Мать подмигнула мне, вышла за дверь и через несколько секунд до меня донёсся её звучный голос: «Проходи, милая, и не обращай внимания на бардак в его комнате — так наш сын самовыражается».

Я пригладил волосы рукой и повернулся в сторону входа, пытаясь на ходу сочинить причину, по которой я подслушивал у дверей дома Дзинкури, а потом умчался в лес, даже не потрудившись дать объяснения.

Створка вновь отъехала в сторону, и я в такт её движению широко распахнул глаза: в мою комнату вошла вовсе не Берума.

Это была Сато Кику.

— Что ж, беседуйте, — весело бросила мама, прикрывая дверь за моей гостьей.

И в комнате тут же воцарилась мёртвая тишина.

Сато выглядела очень буднично в своих джинсах и просторной клетчатой рубашке. Проникавшее через окно солнце запутывалось лучами в её чёрных волосах, придавая им сияние, отливавшее красновато-рыжим из-за хны. На губах играла обычная для неё любезная улыбка, а пальцы были сплетены впереди в типичной позе скромницы.

— Э-э-э… — запоздало вспомнив о правилах приличия, я указал ей на компьютерное кресло. — Прошу.

— Благодарю, — Кику подошла к креслу и медленно опустилась в него, осматриваясь вокруг. — А у тебя довольно уютно. Мне нравятся комнаты, которые отражают индивидуальность их хозяев.
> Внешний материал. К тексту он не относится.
lemma gcong_frobenius:
  assumes "prime p" "p mod 4 = 3" "z \<in> gauss_ints"
  shows "gcong p (z ^ p) (cnj z)"
proof -
  obtain a b where z: "z = gauss_int a b" using assms(3) by (rule gauss_intsE)
  have "z = of_int a + of_int b * \<i>" by (simp add: z gauss_int_def complex_eq_iff)
  then have "gcong p (z ^ p) ((of_int a) ^ p + (of_int b * \<i>) ^ p)"
    using assms(1) by (simp add: gcong_add_power_prime)
  also have "(of_int a) ^ p + (of_int b * \<i>) ^ p = gauss_int (a ^ p) (- (b ^ p))"
    using imaginary_unit_power_3_mod_4[OF assms(2)]
    by (simp add: power_mult_distrib gauss_int_def complex_eq_iff)
  also have "gcong p (gauss_int (a ^ p) (- (b ^ p))) (cnj z)"
    using fermat_little_int[OF assms(1)]
    by (simp add: z gauss_int_cnj gcong_gauss_int cong_minus_minus_iff)
  finally show ?thesis .
qed

lemma gcong_power_Suc_prime_if_norm_one:
  assumes "prime p" "p mod 4 = 3" "u \<in> gauss_ints" "gcong p (u * cnj u) 1"
  shows "gcong p (u ^ (p + 1)) 1"
proof -
  have "gcong p (u * u ^ p) (u * cnj u)"
    using assms by (intro gcong_mult gcong_frobenius) auto
  then show ?thesis using assms(4) by (simp add: gcong_trans)
qed

section \<open>The residue ring Z[i]/mZ[i]\<close>

lemma (in comm_group) ord_dvd_if_power_mult_eq_one:
  assumes x: "x \<in> carrier G" and y: "y \<in> carrier G"
    and "x [^] p \<otimes> y = \<one>" and "(x \<otimes> y) [^] k = \<one>"
  shows "ord x dvd (p - 1) * k"
proof -
  have "x [^] k \<otimes> y [^] k = \<one>" "(x [^] p) [^] k \<otimes> y [^] k = \<one>"
    using assms by (simp_all flip: nat_pow_distrib)
  then have "x [^] k = (x [^] p) [^] k" using x y by (metis right_cancel nat_pow_closed)
  then have "x [^] (p * k) = x [^] k" using x by (simp add: nat_pow_pow)
  then have "x [^] (p * k - k) = \<one>" using pow_eq_div2[OF x] by blast
  then show ?thesis using x by (simp add: pow_eq_id diff_mult_distrib)
qed

lemma (in field) comm_group_mult_of: "comm_group (mult_of R)"
  by (rule group.group_comm_groupI[OF field_mult_group]) (simp add: m_comm)

lemma (in field) finite_field_mult_group_has_elem_of_order:
  assumes "finite (carrier R)"
  obtains g where "g \<in> carrier (mult_of R)" "group.ord (mult_of R) g = order R - 1"
proof -
  interpret G: group "mult_of R" by (rule field_mult_group)
  obtain g where g: "g \<in> carrier (mult_of R)"
    and gen: "carrier (mult_of R) = {g [^] i | i::nat. i \<in> UNIV}"
    using finite_field_mult_group_has_gen[OF assms] by blast
  have "G.ord g = card (generate (mult_of R) {g})" using g by (rule G.generate_pow_card)
  also have "generate (mult_of R) {g} = carrier (mult_of R)"
    using G.generate_pow_on_finite_carrier[OF finite_mult_of[OF assms] g] gen
    by (simp add: nat_pow_mult_of)
  finally show ?thesis using that g order_mult_of[OF assms] by (simp add: order_def)
qed

definition gauss_mod_ring :: "int \<Rightarrow> (int \<times> int) ring" where
  "gauss_mod_ring m = \<lparr>carrier = {0..<m} \<times> {0..<m},
     mult = (\<lambda>(a, b) (c, d). ((a * c - b * d) mod m, (a * d + b * c) mod m)),
     one = (1, 0), zero = (0, 0),
     add = (\<lambda>(a, b) (c, d). ((a + c) mod m, (b + d) mod m))\<rparr>"

lemma gauss_mod_ring_simps:
  "carrier (gauss_mod_ring m) = {0..<m} \<times> {0..<m}"
  "(a, b) \<otimes>\<^bsub>gauss_mod_ring m\<^esub> (c, d) = ((a * c - b * d) mod m, (a * d + b * c) mod m)"
  "(a, b) \<oplus>\<^bsub>gauss_mod_ring m\<^esub> (c, d) = ((a + c) mod m, (b + d) mod m)"
  "\<one>\<^bsub>gauss_mod_ring m\<^esub> = (1, 0)"
  "\<zero>\<^bsub>gauss_mod_ring m\<^esub> = (0, 0)"
  by (simp_all add: gauss_mod_ring_def)

lemma mod_mult_add_mult_eq:
  fixes m :: int
  shows "(a mod m * b - c mod m * d) mod m = (a * b - c * d) mod m"
    and "(a mod m * b + c mod m * d) mod m = (a * b + c * d) mod m"
    and "(a * (b mod m) - c * (d mod m)) mod m = (a * b - c * d) mod m"
    and "(a * (b mod m) + c * (d mod m)) mod m = (a * b + c * d) mod m"
  by (subst (1) mod_diff_eq[symmetric] mod_add_eq[symmetric], simp add: mod_simps)+

lemma gauss_mod_ring_abelian_group:
  assumes "m > 0"
  shows "abelian_group (gauss_mod_ring m)"
proof (rule abelian_groupI, goal_cases)
  case (6 x)
  then obtain a b where "x = (a, b)" by fastforce
  then show ?case using assms
    by (intro bexI[of _ "((- a) mod m, (- b) mod m)"]) (auto simp: gauss_mod_ring_simps mod_simps)
qed (use assms in \<open>auto simp: gauss_mod_ring_simps mod_simps ac_simps\<close>)

lemma gauss_mod_ring_comm_monoid:
  assumes "m > 1"
  shows "comm_monoid (gauss_mod_ring m)"
proof (rule comm_monoidI, goal_cases)
  case (3 x y z)
  then show ?case
    by (cases x, cases y, cases z)
      (simp add: gauss_mod_ring_simps mod_mult_add_mult_eq, simp add: algebra_simps)
qed (use assms in \<open>auto simp: gauss_mod_ring_simps algebra_simps\<close>)

lemma gauss_mod_ring_cring:
  assumes "m > 1"
  shows "cring (gauss_mod_ring m)"
proof (rule cringI)
  fix x y z assume "x \<in> carrier (gauss_mod_ring m)" "y \<in> carrier (gauss_mod_ring m)"
    "z \<in> carrier (gauss_mod_ring m)"
  then show "(x \<oplus>\<^bsub>gauss_mod_ring m\<^esub> y) \<otimes>\<^bsub>gauss_mod_ring m\<^esub> z =
      x \<otimes>\<^bsub>gauss_mod_ring m\<^esub> z \<oplus>\<^bsub>gauss_mod_ring m\<^esub> y \<otimes>\<^bsub>gauss_mod_ring m\<^esub> z"
    by (cases x, cases y, cases z)
      (simp add: gauss_mod_ring_simps mod_mult_add_mult_eq mod_simps, simp add: algebra_simps)
qed (use assms gauss_mod_ring_abelian_group gauss_mod_ring_comm_monoid in auto)

lemma gauss_mod_ring_norm_not_dvd:
  assumes "prime p" "p mod 4 = 3"
    and "(a, b) \<in> carrier (gauss_mod_ring (int p))" "(a, b) \<noteq> \<zero>\<^bsub>gauss_mod_ring (int p)\<^esub>"
  shows "\<not> int p dvd a\<^sup>2 + b\<^sup>2"
proof
  assume "int p dvd a\<^sup>2 + b\<^sup>2"
  then have "int p dvd a" "int p dvd b" using prime_3_mod_4_dvd_sum_squares[OF assms(1,2)] by blast+
  then show False using assms(3,4) by (auto simp: gauss_mod_ring_simps zdvd_not_zless)
qed

lemma gauss_mod_ring_field:
  assumes "prime p" "p mod 4 = 3"
  shows "field (gauss_mod_ring (int p))"
proof -
  have p1: "int p > 1" using assms prime_gt_1_nat by auto
  interpret R: cring "gauss_mod_ring (int p)" using gauss_mod_ring_cring[OF p1] .
  show ?thesis
  proof (rule R.cring_fieldI2)
    fix x assume x: "x \<in> carrier (gauss_mod_ring p)" "x \<noteq> \<zero>\<^bsub>gauss_mod_ring p\<^esub>"
    obtain a b where ab: "x = (a, b)" by fastforce
    then have "coprime (int p) (a\<^sup>2 + b\<^sup>2)"
      using gauss_mod_ring_norm_not_dvd[OF assms] x assms(1) by (simp add: prime_imp_coprime)
    then obtain t where t: "[(a\<^sup>2 + b\<^sup>2) * t = 1] (mod int p)"
      using cong_solve_coprime_int coprime_commute by blast
    have "(a * (a * t) - b * (- b * t)) mod int p = ((a\<^sup>2 + b\<^sup>2) * t) mod int p"
      by (simp add: algebra_simps power2_eq_square)
    also have "\<dots> = 1" using t p1 by (simp add: cong_def)
    finally have inv: "(a * (a * t) - b * (- b * t)) mod int p = 1" .
    show "\<exists>y\<in>carrier (gauss_mod_ring p). x \<otimes>\<^bsub>gauss_mod_ring p\<^esub> y = \<one>\<^bsub>gauss_mod_ring p\<^esub>"
    proof (rule bexI[of _ "((a * t) mod p, (- b * t) mod p)"])
      show "x \<otimes>\<^bsub>gauss_mod_ring p\<^esub> ((a * t) mod p, (- b * t) mod p) = \<one>\<^bsub>gauss_mod_ring p\<^esub>"
        using inv by (simp add: ab gauss_mod_ring_simps mod_mult_add_mult_eq algebra_simps)
    qed (use p1 in \<open>simp add: gauss_mod_ring_simps\<close>)
  qed (simp add: gauss_mod_ring_simps)
qed

definition gauss_reduce :: "int \<Rightarrow> complex \<Rightarrow> int \<times> int" where
  "gauss_reduce m z = (\<lfloor>Re z\<rfloor> mod m, \<lfloor>Im z\<rfloor> mod m)"

lemma gauss_reduce_gauss_int: "gauss_reduce m (gauss_int a b) = (a mod m, b mod m)"
  by (simp add: gauss_reduce_def gauss_int_def)

lemma gauss_reduce_in_carrier: "m > 0 \<Longrightarrow> gauss_reduce m z \<in> carrier (gauss_mod_ring m)"
  by (simp add: gauss_reduce_def gauss_mod_ring_simps)

lemma gauss_reduce_mult:
  assumes "z \<in> gauss_ints" "w \<in> gauss_ints"
  shows "gauss_reduce m (z * w) = gauss_reduce m z \<otimes>\<^bsub>gauss_mod_ring m\<^esub> gauss_reduce m w"
  using assms by (auto elim!: gauss_intsE
      simp: gauss_int_mult gauss_reduce_gauss_int gauss_mod_ring_simps mod_mult_add_mult_eq)

lemma gauss_reduce_one: "m > 1 \<Longrightarrow> gauss_reduce m 1 = \<one>\<^bsub>gauss_mod_ring m\<^esub>"
  by (simp add: gauss_reduce_def gauss_mod_ring_simps)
Бросив краткое «спасибо», я сел на стул неподалёку, и Сато крутанулась в кресле так, чтобы повернуться лицом ко мне. Она наклонилась вперёд, и её улыбка стала ещё менее искренней. Я никогда раньше не замечал этого, но её лицо напоминало восковую маску: оно не выражало абсолютно никаких эмоций. Жили на нём лишь глаза, но заметить это за сильными стёклами очков в стильной красной оправе было сложно.

— Тебе, наверное, интересно, зачем я пришла, Джонс-сан, — вкрадчиво вымолвила она.

— Просто Фред, — махнул рукой я. — И, да, ты права, Кику: я бы не отказался узнать, зачем понадобился тебе.

Она поджала губы и, сложив руки на животе, откинулась на спинку кресла. Её пальцы сильно контрастировали с остальной внешностью: длинные, сильные, почти как мужские, с чуть расплющенными подушечками, как у пианиста. Пожалуй, такие ладони могли и убить, если что.

— Долгой преамбулы не будет, — вновь заговорила она. — Я знаю, ты предпочитаешь прямоту и честность; я и сама сторонница такой политики. Так что сразу к делу, Фред: я знаю, что недавно ты виделся с Сато Кейичи, и мне нужно знать подробности этой встречи.

Я изумлённо поднял брови и медленно проговорил:

— Мне казалось, ты порвала всяческие связи с отцом.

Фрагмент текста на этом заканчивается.